Crise sociale, crise écologique, crise démocratique même... Le mouvement des gilets jaunes, c'est un peu tout cela à la fois. Un hybride de la désespérance qu'était censé résorber celui qui a "renversé la table" lors des dernières élections nationales. On retiendra de cette mobilisation que c'est la nouvelle taxe sur le prix du gasoil qui a allumé la mèche. Mais on aurait tort de penser que la révolte qui a embrasé les villes les samedis de début décembre, ce n'est que cela. Certes, beaucoup de nos concitoyens n'ont pas d'autre choix que de faire le plein pour aller travailler, chercher les enfants, remplir le frigo... Pour vivre, tout simplement. Mais derrière la difficulté à joindre les deux bouts pour une partie croissante de la population se cachent aussi la résignation et la perte de dignité dans le travail lui-même.

Dans son ouvrage Libérer le travail, l'économiste Thomas Coutrot a montré qu'une faible autonomie dans le travail s'était accompagnée d'un fort taux d'abstention au premier tour de l'élection présidentielle et d'un vote massif en faveur du Front national au second. Cela traduit le sentiment d'impuissance qui trouve en partie son origine dans le travail.

Le déficit de démocratie dénoncé aujourd'hui est aussi bien ancré dans l'entreprise que dans l'administration ou l'hôpital. L'explosion de la souffrance au travail déplorée ces vingt dernières années, dont aucun secteur ou branche d'activité n'est indemne, puise ses origines dans des modes d'organisation du travail et de management qui dépossèdent les travailleurs d'une grande partie de leur autonomie pour bien faire leur travail. Autonomie dans la mise en oeuvre de leurs compétences et de leurs savoir-faire, autonomie dans la coopération et le travail collaboratif pour faire face aux aléas et imprévus du travail réel.

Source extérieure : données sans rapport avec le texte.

lemma dde_solution_limsup_x:
  assumes sol: "dde_solution s Y tau \<phi> \<psi> x y"
    and nonneg: "\<And>t. t \<ge> 0 \<Longrightarrow> 0 \<le> x t \<and> 0 \<le> y t"
  shows "Limsup at_top (\<lambda>t. ereal (x t)) \<le> ereal 1"
proof (rule Limsup_at_top_le_ereal)
  fix e :: real assume "e > 0"
  have "\<exists>T\<ge>0. \<forall>t\<ge>T. x t \<le> 1 + e"
  proof (rule has_real_derivative_eventually_le[where S="{0..}" and d=e])
    fix t :: real assume t: "t \<ge> 0" "x t > 1 + e"
    have "y t * x t \<ge> 0"
      using nonneg[OF t(1)] by simp
    moreover have "x t * (x t - 1) \<ge> x t - 1"
      using t \<open>e > 0\<close> mult_right_mono[of 1 "x t" "x t - 1"] by simp
    ultimately show "x t * (1 - x t) - y t * x t \<le> - e"
      using t by (simp add: algebra_simps)
  qed (use sol \<open>e > 0\<close> in \<open>auto simp: dde_solution_def\<close>)
  thus "\<exists>T. \<forall>t\<ge>T. x t \<le> 1 + e" by blast
qed
definition non_obtuse_mesh :: "(real^'n) set set \<Rightarrow> bool" where
  "non_obtuse_mesh T \<longleftrightarrow> (\<forall>S\<in>T. \<forall>v\<in>S. \<forall>w\<in>S. v \<noteq> w \<longrightarrow> dihedral_angle S v w \<le> pi / 2)"

definition Q1 :: "(real^'n) set set \<Rightarrow> (real^'n) set \<Rightarrow> (real^'n \<Rightarrow> real) set" where
  "Q1 T D = {q. continuous_on D q \<and>
      (\<forall>S\<in>T. \<exists>a c. \<forall>x\<in>convex hull S. q x = a \<bullet> x + c)}"

definition grad_on :: "(real^'n) set \<Rightarrow> (real^'n \<Rightarrow> real) \<Rightarrow> real^'n" where
  "grad_on S f = (THE a. \<exists>c. \<forall>x\<in>convex hull S. f x = a \<bullet> x + c)"

text \<open>Nodal interpolation onto Q^1_h (convention: the interpolant vanishes outside D).\<close>

definition nodal_interp :: "(real^'n) set set \<Rightarrow> (real^'n) set \<Rightarrow> (real^'n \<Rightarrow> real) \<Rightarrow> (real^'n \<Rightarrow> real)" where
  "nodal_interp T D u = (THE w. w \<in> Q1 T D \<and> (\<forall>v\<in>mesh_vertices T. w v = u v)
      \<and> (\<forall>x. x \<notin> D \<longrightarrow> w x = 0))"

definition nodal_interp_mat ::
  "(real^'n) set set \<Rightarrow> (real^'n) set \<Rightarrow> (real^'n \<Rightarrow> real^'m^'m) \<Rightarrow> (real^'n \<Rightarrow> real^'m^'m)" where
  "nodal_interp_mat T D U = (\<lambda>x. \<chi> i j. nodal_interp T D (\<lambda>y. U y $ i $ j) x)"

definition symmetric_mat :: "real^'m^'m \<Rightarrow> bool" where
  "symmetric_mat A \<longleftrightarrow> transpose A = A"

definition diagonal_mat :: "real^'m^'m \<Rightarrow> bool" where
  "diagonal_mat A \<longleftrightarrow> (\<forall>i j. i \<noteq> j \<longrightarrow> A $ i $ j = 0)"

definition S1 :: "(real^'n) set set \<Rightarrow> (real^'n) set \<Rightarrow> (real^'n \<Rightarrow> real^'m^'m) set" where
  "S1 T D = {\<phi>. (\<forall>i j. (\<lambda>x. \<phi> x $ i $ j) \<in> Q1 T D) \<and> (\<forall>x\<in>D. symmetric_mat (\<phi> x))}"

definition mat_fun :: "(real \<Rightarrow> real) \<Rightarrow> real^'m^'m \<Rightarrow> real^'m^'m" where
  "mat_fun g A = (SOME B. \<exists>Q Dg. orthogonal_matrix Q \<and> diagonal_mat Dg
       \<and> A = transpose Q ** Dg ** Q
       \<and> B = transpose Q ** (\<chi> i j. if i = j then g (Dg $ i $ i) else 0) ** Q)"

definition mat_grad_inner ::
  "(real^'n) set \<Rightarrow> (real^'n \<Rightarrow> real^'m^'m) \<Rightarrow> (real^'n \<Rightarrow> real^'m^'m) \<Rightarrow> real" where
  "mat_grad_inner S \<phi> \<psi> = (\<Sum>i\<in>UNIV. \<Sum>j\<in>UNIV.
      grad_on S (\<lambda>x. \<phi> x $ i $ j) \<bullet> grad_on S (\<lambda>x. \<psi> x $ i $ j))"

end

theory Submission
  imports Defs
begin

(* On a simplex S let b_k be the gradient of the barycentric coordinate of the
   vertex k.  As the b_k sum to zero, affine interpolants of vertex data u, p satisfy the
   edge formula  grad u . grad p = -1/2 sum_{k,l} (b_k . b_l)(u_k - u_l)(p_k - p_l).
   On a non-obtuse simplex b_k . b_l <= 0 for k ~= l, since b_k is a negative multiple of
   the unit normal of the facet opposite to k.  Both claims thus reduce to edge estimates:
   (g a - g b)^2 <= L (g a - g b)(a - b) for scalars, and for symmetric matrices
   |g(A) - g(B)|_F^2 <= L <g(A) - g(B), A - B>_F, which follows from the scalar one by
   expanding both Frobenius products over pairs of eigenvectors of A and B. *)

text \<open>For monotone L-Lipschitz g, the difference quotient of g lies in [0, L]; this gives the
  estimate on a single pair of values.\<close>

lemma mono_lipschitz_sq_le:
  fixes g :: "real \<Rightarrow> real"
  assumes mono: "mono g" and lip: "L-lipschitz_on UNIV g"
  shows "(g a - g b)^2 \<le> L * ((g a - g b) * (a - b))"
proof -
  have L: "\<bar>g a - g b\<bar> \<le> L * \<bar>a - b\<bar>" using lip by (simp add: lipschitz_on_def dist_real_def)
  show ?thesis
  proof (cases "b \<le> a")
    case True
    hence "g b \<le> g a" using mono by (simp add: mono_def)
    hence "(g a - g b) * (g a - g b) \<le> (g a - g b) * (L * (a - b))" using L True
      by (intro mult_left_mono) auto
    thus ?thesis by (simp add: power2_eq_square algebra_simps)
  next
    case False
    hence "g a \<le> g b" using mono by (simp add: mono_def)
    hence "(g b - g a) * (g b - g a) \<le> (g b - g a) * (L * (b - a))" using L False
      by (intro mult_left_mono) auto
    thus ?thesis by (simp add: power2_eq_square algebra_simps)
  qed
qed

section \<open>Spectral theorem for real symmetric matrices\<close>

lemma symmetric_inner_swap:
  fixes A :: "real^'m^'m"
  assumes "transpose A = A"
  shows "x \<bullet> (A *v y) = (A *v x) \<bullet> y"
  by (metis assms dot_lmul_matrix inner_commute transpose_matrix_vector)

text \<open>First-order condition: a unit vector x0 maximising the Rayleigh quotient along every
  line through x0 is an eigenvector with eigenvalue x0 . A x0.\<close>

lemma rayleigh_max_is_eigenvector:
  fixes A :: "real^'m^'m" and x0 y :: "real^'m" and lam :: real
  assumes sym: "transpose A = A"
    and max: "\<And>t::real. (x0 + t *\<^sub>R y) \<bullet> (A *v (x0 + t *\<^sub>R y)) \<le> lam * ((x0 + t *\<^sub>R y) \<bullet> (x0 + t *\<^sub>R y))"
    and y: "y = A *v x0 - lam *\<^sub>R x0"
    and unit: "x0 \<bullet> x0 = 1" and lam: "lam = x0 \<bullet> (A *v x0)"
  shows "y = 0"
proof (rule ccontr)
  assume "y \<noteq> 0"
  hence yy: "y \<bullet> y > 0" by simp
  have yx: "y \<bullet> x0 = 0" using unit lam unfolding y by (simp add: inner_diff_left inner_commute[of "A *v x0" x0])
  have yAx: "y \<bullet> (A *v x0) = y \<bullet> y" using y yx by (simp add: inner_diff_right inner_diff_left)
  have xAy: "x0 \<bullet> (A *v y) = y \<bullet> y" using symmetric_inner_swap[OF sym, of x0 y] yAx by (simp add: inner_commute)
  define C where "C = \<bar>lam * (y \<bullet> y) - y \<bullet> (A *v y)\<bar>"
  define t where "t = (y \<bullet> y) / (C + 1)"
  have C0: "C \<ge> 0" by (simp add: C_def)
  have t0: "t > 0" using yy C0 by (simp add: t_def)
  have "(x0 + t *\<^sub>R y) \<bullet> (A *v (x0 + t *\<^sub>R y)) = lam + 2*t*(y \<bullet> y) + t*t*(y \<bullet> (A *v y))"
    by (simp add: matrix_vector_right_distrib inner_add_left inner_add_right lam xAy yAx algebra_simps)
  moreover have "(x0 + t *\<^sub>R y) \<bullet> (x0 + t *\<^sub>R y) = 1 + t*t*(y \<bullet> y)"
    using yx by (simp add: inner_add_left inner_add_right unit inner_commute[of x0 y] algebra_simps)
  ultimately have "lam + 2*t*(y \<bullet> y) + t*t*(y \<bullet> (A *v y)) \<le> lam * (1 + t*t*(y \<bullet> y))"
    using max[of t] by simp
  hence "2*t*(y \<bullet> y) \<le> t*t*(lam * (y \<bullet> y) - y \<bullet> (A *v y))" by (simp add: algebra_simps)
  also have "\<dots> \<le> t*t*C" using t0 by (intro mult_left_mono) (auto simp: C_def)
  finally have "2*(y \<bullet> y) \<le> t*C" using t0 by (simp add: power2_eq_square mult.assoc)
  also have "t*C = (y \<bullet> y) * (C/(C+1))" by (simp add: t_def)
  also have "\<dots> \<le> (y \<bullet> y)" using yy C0 by (intro mult_left_le) auto
  finally show False using yy by simp
qed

Face à ces empêchements à prendre soin du travail, il y a ceux qui vont s'épuiser à les surmonter, afin que le résultat garde forme humaine, et ceux qui, pensant se préserver, vont renoncer. Le coût psychique de ces deux postures est exorbitant. Le coût économique ne l'est pas moins. Et aujourd'hui, avec la révolte des gilets jaunes, c'est le coût politique qui menace la démocratie.

La bonne nouvelle, c'est que cela n'est pas irrémédiable et ne coûte pas forcément un "pognon de dingue". Accorder des marges de manoeuvre aux salariés et aux agents, développer un management par le travail réel, valoriser l'expérience, faciliter la coopération, cela changerait totalement la donne, en restaurant la dignité de celui qui retrouve plaisir à participer à une oeuvre commune. Dans le secteur hypercontraint de l'action sanitaire et sociale, marqué par une sinistralité en forte hausse, la mutuelle Cides Chorum vient de montrer que c'était possible. Dans un établissement d'hébergement pour personnes âgées dépendantes (Ehpad) ou un service d'aide à domicile, il est ainsi rentable et performant, du point de vue des soins et du rapport entre santé et qualité du travail, de laisser les salariées organiser elles-mêmes leur planning et la régulation de leur activité.

Alors que va s'engager un grand débat national, n'oublions pas de redistribuer du pouvoir d'agir aux travailleurs, et pas simplement du pouvoir d'achat.